Which PCI sound card were you talking about? I tried both the SB Live and the Ensoniq PCI using the DOS SB TSR emulation from my testing even on a P4 and it produced the same stuttering effect although it happens every now and then it not the entire time.
wrote:I've been running DOS machines for about a year on the P4 platform and will be writing up everything about my experiences. The m […]
I've been running DOS machines for about a year on the P4 platform and will be writing up everything about my experiences. The most difficult task is finding a sound card that is compatible with the DMA on the motherboard. I have purchased and tested many. The only ones I got fully working were SB 16 and up, or a couple Aztech clones. Even the Audician can't do it on my boards, which is a shame.
I have purchased the "845GL with ISA" board from AliExpress (the 1 slot version) and a couple of the P7LI/C-AL boards from both there and eBay. EBay was cheaper.

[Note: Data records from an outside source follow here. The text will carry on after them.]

(* Let $A\in\mathbb{Z}^{m\times n}$, $b\in\mathbb{Z}^m$. If $Ax\leq b$ is totally dual $p$-adic and totally dual $q$-adic for distinct primes $p,q$, then $\{x:Ax\leq b\}$ is an integral polyhedron.
   Context: For a prime $p$, a $p$-adic rational is a number $a/p^k$ with $a,k\in\mathbb{Z}$, $k\ge0$; a vector is $p$-adic if all entries are $p$-adic rationals. A system $Ax\le b$ with integral $A,b$ is totally dual $p$-adic if for every integral $w$ for which $\min\{b^\top y: A^\top y=w,\ y\ge \mathbf{0}\}$ has an optimal solution, it has a $p$-adic optimal solution. A rational polyhedron is integral if every nonempty face of it contains an integral point. *)

theory Defs
  imports "HOL-Analysis.Analysis"
begin

definition padic_rat :: "nat \<Rightarrow> real \<Rightarrow> bool" where
  "padic_rat p r \<longleftrightarrow> (\<exists>(a::int) (k::nat). r = of_int a / (of_nat p) ^ k)"

definition padic_vec :: "nat \<Rightarrow> real ^ 'm \<Rightarrow> bool" where
  "padic_vec p y \<longleftrightarrow> (\<forall>i. padic_rat p (y $ i))"

definition dual_feasible :: "int ^ 'n ^ 'm \<Rightarrow> int ^ 'n \<Rightarrow> (real ^ 'm) set" where
  "dual_feasible A w = {y. (\<forall>i. 0 \<le> y $ i) \<and>
      (\<forall>j. (\<Sum>i\<in>UNIV. y $ i * real_of_int (A $ i $ j)) = real_of_int (w $ j))}"

definition dual_obj :: "int ^ 'm \<Rightarrow> real ^ 'm \<Rightarrow> real" where
  "dual_obj b y = (\<Sum>i\<in>UNIV. real_of_int (b $ i) * y $ i)"

definition dual_optimal :: "int ^ 'n ^ 'm \<Rightarrow> int ^ 'm \<Rightarrow> int ^ 'n \<Rightarrow> real ^ 'm \<Rightarrow> bool" where
  "dual_optimal A b w y \<longleftrightarrow> y \<in> dual_feasible A w \<and>
      (\<forall>y'\<in>dual_feasible A w. dual_obj b y \<le> dual_obj b y')"

definition totally_dual_padic :: "nat \<Rightarrow> int ^ 'n ^ 'm \<Rightarrow> int ^ 'm \<Rightarrow> bool" where
  "totally_dual_padic p A b \<longleftrightarrow>
     (\<forall>w :: int ^ 'n. (\<exists>y. dual_optimal A b w y) \<longrightarrow>
        (\<exists>y. dual_optimal A b w y \<and> padic_vec p y))"

definition polyhedron_of :: "int ^ 'n ^ 'm \<Rightarrow> int ^ 'm \<Rightarrow> (real ^ 'n) set" where
  "polyhedron_of A b = {x. \<forall>i. (\<Sum>j\<in>UNIV. real_of_int (A $ i $ j) * x $ j) \<le> real_of_int (b $ i)}"

definition integral_vec :: "real ^ 'n \<Rightarrow> bool" where
  "integral_vec x \<longleftrightarrow> (\<forall>j. x $ j \<in> \<int>)"

definition integral_polyhedron :: "(real ^ 'n) set \<Rightarrow> bool" where
  "integral_polyhedron P \<longleftrightarrow> (\<forall>F. F face_of P \<and> F \<noteq> {} \<longrightarrow> (\<exists>x\<in>F. integral_vec x))"

end

theory Submission
  imports Defs
begin

text \<open>Let \<open>F\<close> be a nonempty face and \<open>x\<^sub>0 \<in> F\<close> a point whose set \<open>T\<close> of active rows is
  maximal; then \<open>{x. A\<^sub>T x = b\<^sub>T} \<subseteq> F\<close>. If this system had no integral solution, Kronecker's
  theorem would give \<open>y\<close> with \<open>y A\<^sub>T\<close> integral but \<open>y b\<^sub>T\<close> not. The fractional parts of \<open>y\<close>
  form a dual solution for the integral objective \<open>w = frac(y) A\<^sub>T\<close>, optimal by complementary
  slackness with \<open>x\<^sub>0\<close>, whose value differs from \<open>y b\<^sub>T\<close> by an integer. But the optimal value
  is attained both at a \<open>p\<close>-adic and at a \<open>q\<close>-adic solution, so it is a \<open>p\<close>-adic and
  \<open>q\<close>-adic rational, hence an integer.\<close>

section \<open>\<open>p\<close>-adic rationals\<close>

lemma padic_rat_of_int: "padic_rat p (of_int a)"
  unfolding padic_rat_def by (rule exI[of _ a], rule exI[of _ 0]) simp
(* Let $\{p_{(R,\alpha)}(\mathbf{x})\}_{(R,\alpha)}$ be a replacement rule satisfying the Fixation Axiom and Assumption 1. Then the linear system $$d^\circ_gv_g=\sum_{h\in G}e^\circ_{gh}v_h\ \ (g\in G),\qquad \sum_{g\in G}v_g=n$$ has a unique solution $(v_g)_{g\in G}$, and $v_g\ge 0$ for every $g\in G$.
   Context: $G$ is a finite nonempty set of genetic sites, $n=|G|$; a state is $\mathbf{x}\in\{0,1\}^G$; $\mathbf{a}$ is the all-zero state and $\mathbf{A}$ the all-one state. A replacement event is $(R,\alpha)$ with $R\subseteq G$, $\alpha:R\to G$; a replacement rule gives for each state a probability distribution $\{p_{(R,\alpha)}(\mathbf{x})\}$ over events. Fixation Axiom: there exist $g\in G$, $m\ge1$, events $(R_k,\alpha_k)_{k=1}^m$ with $p_{(R_k,\alpha_k)}(\mathbf{x})>0$ for all $k$ and all states $\mathbf{x}$, $g\in R_k$ for some $k$, and $\tilde\alpha_1\circ\cdots\circ\tilde\alpha_m(h)=g$ for all $h\in G$, where $\tilde\alpha_k$ equals $\alpha_k$ on $R_k$ and the identity elsewhere. Assumption 1: $p_{(R,\alpha)}(\mathbf{A})=p_{(R,\alpha)}(\mathbf{a})=:p^\circ_{(R,\alpha)}$ for every event. Then $e^\circ_{gh}=\sum_{(R,\alpha):h\in R,\alpha(h)=g}p^\circ_{(R,\alpha)}$ and $d^\circ_g=\sum_he^\circ_{hg}$. *)

theory Defs
  imports Complex_Main "HOL-Library.FuncSet"
begin

text \<open>A state x in {0,1}^G is encoded as the
subset of G where x equals 1; so the all-zero state a is {} and the all-one state A is G.
A replacement event (R, alpha) with R a subset of G and alpha : R -> G is encoded as a pair
whose second component is an extensional function (undefined outside R), so that each
event has exactly one representation.\<close>

type_synonym 'g event = "'g set \<times> ('g \<Rightarrow> 'g)"

definition states :: "'g set \<Rightarrow> 'g set set" where
  "states G = Pow G"

definition events :: "'g set \<Rightarrow> 'g event set" where
  "events G = {(R, \<alpha>). R \<subseteq> G \<and> \<alpha> \<in> R \<rightarrow>\<^sub>E G}"

definition replacement_rule :: "'g set \<Rightarrow> ('g set \<Rightarrow> 'g event \<Rightarrow> real) \<Rightarrow> bool" where
  "replacement_rule G p \<longleftrightarrow>
     (\<forall>x \<in> states G. (\<forall>e \<in> events G. p x e \<ge> 0) \<and> (\<Sum>e \<in> events G. p x e) = 1)"

definition ext_map :: "'g event \<Rightarrow> 'g \<Rightarrow> 'g" where
  "ext_map ev h = (if h \<in> fst ev then snd ev h else h)"

definition fixation_axiom :: "'g set \<Rightarrow> ('g set \<Rightarrow> 'g event \<Rightarrow> real) \<Rightarrow> bool" where
  "fixation_axiom G p \<longleftrightarrow>
     (\<exists>g \<in> G. \<exists>evs :: 'g event list. length evs \<ge> 1 \<and>
        (\<forall>k < length evs. evs ! k \<in> events G \<and> (\<forall>x \<in> states G. p x (evs ! k) > 0)) \<and>
        (\<exists>k < length evs. g \<in> fst (evs ! k)) \<and>
        (\<forall>h \<in> G. foldr (\<circ>) (map ext_map evs) id h = g))"

definition assumption1 :: "'g set \<Rightarrow> ('g set \<Rightarrow> 'g event \<Rightarrow> real) \<Rightarrow> bool" where
  "assumption1 G p \<longleftrightarrow> (\<forall>e \<in> events G. p G e = p {} e)"

definition p_circ :: "('g set \<Rightarrow> 'g event \<Rightarrow> real) \<Rightarrow> 'g event \<Rightarrow> real" where
  "p_circ p e = p {} e"

definition e_circ :: "'g set \<Rightarrow> ('g set \<Rightarrow> 'g event \<Rightarrow> real) \<Rightarrow> 'g \<Rightarrow> 'g \<Rightarrow> real" where
  "e_circ G p g h = (\<Sum>ev \<in> {ev \<in> events G. h \<in> fst ev \<and> snd ev h = g}. p_circ p ev)"

definition d_circ :: "'g set \<Rightarrow> ('g set \<Rightarrow> 'g event \<Rightarrow> real) \<Rightarrow> 'g \<Rightarrow> real" where
  "d_circ G p g = (\<Sum>h \<in> G. e_circ G p h g)"

definition lin_system :: "'g set \<Rightarrow> ('g set \<Rightarrow> 'g event \<Rightarrow> real) \<Rightarrow> ('g \<Rightarrow> real) \<Rightarrow> bool" where
  "lin_system G p v \<longleftrightarrow>
     v \<in> extensional G \<and>
     (\<forall>g \<in> G. d_circ G p g * v g = (\<Sum>h \<in> G. e_circ G p g h * v h)) \<and>
     (\<Sum>g \<in> G. v g) = real (card G)"

end

theory Submission
  imports Defs "Jordan_Normal_Form.Determinant"
begin

text \<open>The homogeneous equations say that v is a kernel vector of
L = diag(d_circ) - e_circ, whose columns sum to zero; hence L is
singular and a nonzero solution exists. As e_circ is nonnegative, the positive
part of a solution is again a solution (its surplus is nonnegative and sums to zero), and
a nonnegative solution that is positive at h is positive at every g that replaces h with
positive probability. By the Fixation Axiom every site leads to one common site this way,
so no solution takes both signs. A nonzero solution can therefore be normalized to a
nonnegative one, and two normalized solutions coincide since their difference sums to
zero.\<close>

lemma zero_column_sums_imp_nontrivial_kernel:
  fixes A :: "'i \<Rightarrow> 'i \<Rightarrow> 'a :: idom"
  assumes fin: "finite I" and ne: "I \<noteq> {}" and col: "\<And>j. j \<in> I \<Longrightarrow> (\<Sum>i\<in>I. A i j) = 0"
  shows "\<exists>w. (\<exists>i\<in>I. w i \<noteq> 0) \<and> (\<forall>i\<in>I. (\<Sum>j\<in>I. A i j * w j) = 0)"
proof -
  define n where "n = card I"
  obtain f where f: "bij_betw f {0..<n} I"
    using ex_bij_betw_nat_finite[OF fin] n_def by blast
  have reindex: "(\<Sum>j\<in>I. F j) = (\<Sum>k=0..<n. F (f k))" for F :: "'i \<Rightarrow> 'a"
    using sum.reindex_bij_betw[OF f, of F] by simp
  have f_in: "f k \<in> I" if "k < n" for k
    using f that by (auto dest: bij_betwE)
  define M where "M = mat n n (\<lambda>(k, l). A (f k) (f l))"
  have M: "M \<in> carrier_mat n n" unfolding M_def by simp
  have "(\<Sum>k=0..<n. A (f k) (f l)) = 0" if "l < n" for l
    using col[OF f_in[OF that]] by (simp add: reindex)
  then have "M\<^sup>T *\<^sub>v vec n (\<lambda>_. 1) = 0\<^sub>v n"
    by (intro eq_vecI) (auto simp: M_def scalar_prod_def)
  moreover have "vec n (\<lambda>_. 1) \<noteq> (0\<^sub>v n :: 'a vec)"
  proof -
    have "n > 0" using fin ne n_def by (simp add: card_gt_0_iff)
    then show ?thesis by (metis index_vec index_zero_vec(1) zero_neq_one)
  qed
  ultimately have "det M\<^sup>T = 0"
    using det_0_iff_vec_prod_zero[of "M\<^sup>T" n] M by (metis transpose_carrier_mat vec_carrier)
  then have "det M = 0" using det_transpose[OF M] by simp
  then obtain v where v: "v \<in> carrier_vec n" "v \<noteq> 0\<^sub>v n" "M *\<^sub>v v = 0\<^sub>v n"
    using det_0_iff_vec_prod_zero[OF M] by auto
  define w where "w i = v $ inv_into {0..<n} f i" for i
  have w_f: "w (f k) = v $ k" if "k < n" for k
    using f that unfolding w_def bij_betw_def by (simp add: inv_into_f_f)
  obtain k where k: "k < n" "v $ k \<noteq> 0"
    using v(1,2) by (metis eq_vecI carrier_vecD index_zero_vec(1,2))
  have "(\<Sum>j\<in>I. A i j * w j) = 0" if "i \<in> I" for i
  proof -
    obtain l where l: "l < n" "i = f l"
      using f \<open>i \<in> I\<close> by (metis atLeastLessThan_iff bij_betw_iff_bijections)
    have "(M *\<^sub>v v) $ l = 0" using v(3) l by simp
    then show ?thesis
      using l v(1) by (simp add: M_def scalar_prod_def reindex w_f)
  qed
  moreover have "w (f k) \<noteq> 0" using w_f k by simp
  ultimately show ?thesis using f_in[OF k(1)] by blast
qed
(* Let $m\geq 1$ and $n>1$ be integers and let $G$ be an $r$-regular graph of order $m$. If $n\equiv 0\pmod 2$, or $mn\equiv 1\pmod 2$, or $G$ is distance magic, then $G\circ nK_1$ is distance magic.
   Context: A graph $G$ on $v$ vertices is distance magic if there is a bijection $f:V(G)\to\{1,\ldots,v\}$ and a constant $k$ such that for every vertex $x$, $\sum_{y\in N(x)}f(y)=k$, where $N(x)$ is the set of neighbours of $x$. $nK_1$ is the edgeless graph on $n$ vertices. The lexicographic product $G\circ H$ has vertex set $V(G)\times V(H)$, with $(g,h)$ adjacent to $(g',h')$ iff either $gg'\in E(G)$, or $g=g'$ and $hh'\in E(H)$. *)

theory Defs
  imports Main
begin

definition simple_graph :: "'a set \<Rightarrow> ('a \<Rightarrow> 'a \<Rightarrow> bool) \<Rightarrow> bool" where
  "simple_graph V E \<longleftrightarrow> finite V \<and> (\<forall>x y. E x y \<longrightarrow> x \<in> V \<and> y \<in> V)
     \<and> (\<forall>x y. E x y \<longrightarrow> E y x) \<and> (\<forall>x. \<not> E x x)"

definition nbhd :: "'a set \<Rightarrow> ('a \<Rightarrow> 'a \<Rightarrow> bool) \<Rightarrow> 'a \<Rightarrow> 'a set" where
  "nbhd V E x = {y \<in> V. E x y}"

definition regular :: "'a set \<Rightarrow> ('a \<Rightarrow> 'a \<Rightarrow> bool) \<Rightarrow> nat \<Rightarrow> bool" where
  "regular V E r \<longleftrightarrow> (\<forall>x\<in>V. card (nbhd V E x) = r)"

definition distance_magic :: "'a set \<Rightarrow> ('a \<Rightarrow> 'a \<Rightarrow> bool) \<Rightarrow> bool" where
  "distance_magic V E \<longleftrightarrow> (\<exists>f :: 'a \<Rightarrow> nat. \<exists>k. bij_betw f V {1..card V} \<and>
      (\<forall>x\<in>V. (\<Sum>y\<in>nbhd V E x. f y) = k))"

definition lex_verts :: "'a set \<Rightarrow> 'b set \<Rightarrow> ('a \<times> 'b) set" where
  "lex_verts V W = V \<times> W"

definition lex_edges :: "('a \<Rightarrow> 'a \<Rightarrow> bool) \<Rightarrow> ('b \<Rightarrow> 'b \<Rightarrow> bool) \<Rightarrow> ('a \<times> 'b) \<Rightarrow> ('a \<times> 'b) \<Rightarrow> bool" where
  "lex_edges E F p q \<longleftrightarrow> E (fst p) (fst q) \<or> (fst p = fst q \<and> F (snd p) (snd q))"

definition empty_verts :: "nat \<Rightarrow> nat set" where "empty_verts n = {0..<n}"
definition empty_edges :: "nat \<Rightarrow> nat \<Rightarrow> bool" where "empty_edges x y = False"

end

theory Submission
  imports Defs
begin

I need to talk with the seller of the last one because they were selling the P7LI-AL (not the C variant) and based on some fuzzy pictures it has the SB-LINK connector.
I can't get the boards to go above 533 FSB, and some cannot go above 400. Still, the options for these still go up to close to 3ghz, which is fine for games that scale well with faster CPUs such as Build engine games.
Caches can be disabled on both boards. Both boards also allow disabling PNP for certain resources so you can set your sound card to a specific IRQ.
More to be written later. Please let me know what you still need to figure out. I'll answer as best I can.
I haven't tried the SB-LINK. Didn't that only exist on certain motherboards? Let me know how the SB-LINK compares to the SB TR emulation on PCI sound cards. Was the SB-LINK only found on PCI sound cards or did they also have ISA sound cards with it? Was this a special cable or just a CD-rom audio connector like cable? If you get this to work let me know what motherboards support the SB-LINK in your tests. I'm wondering if someone could create a PCI or PCIe SB-LINK interface for modern motherboards if this somehow did work in the legacy ones.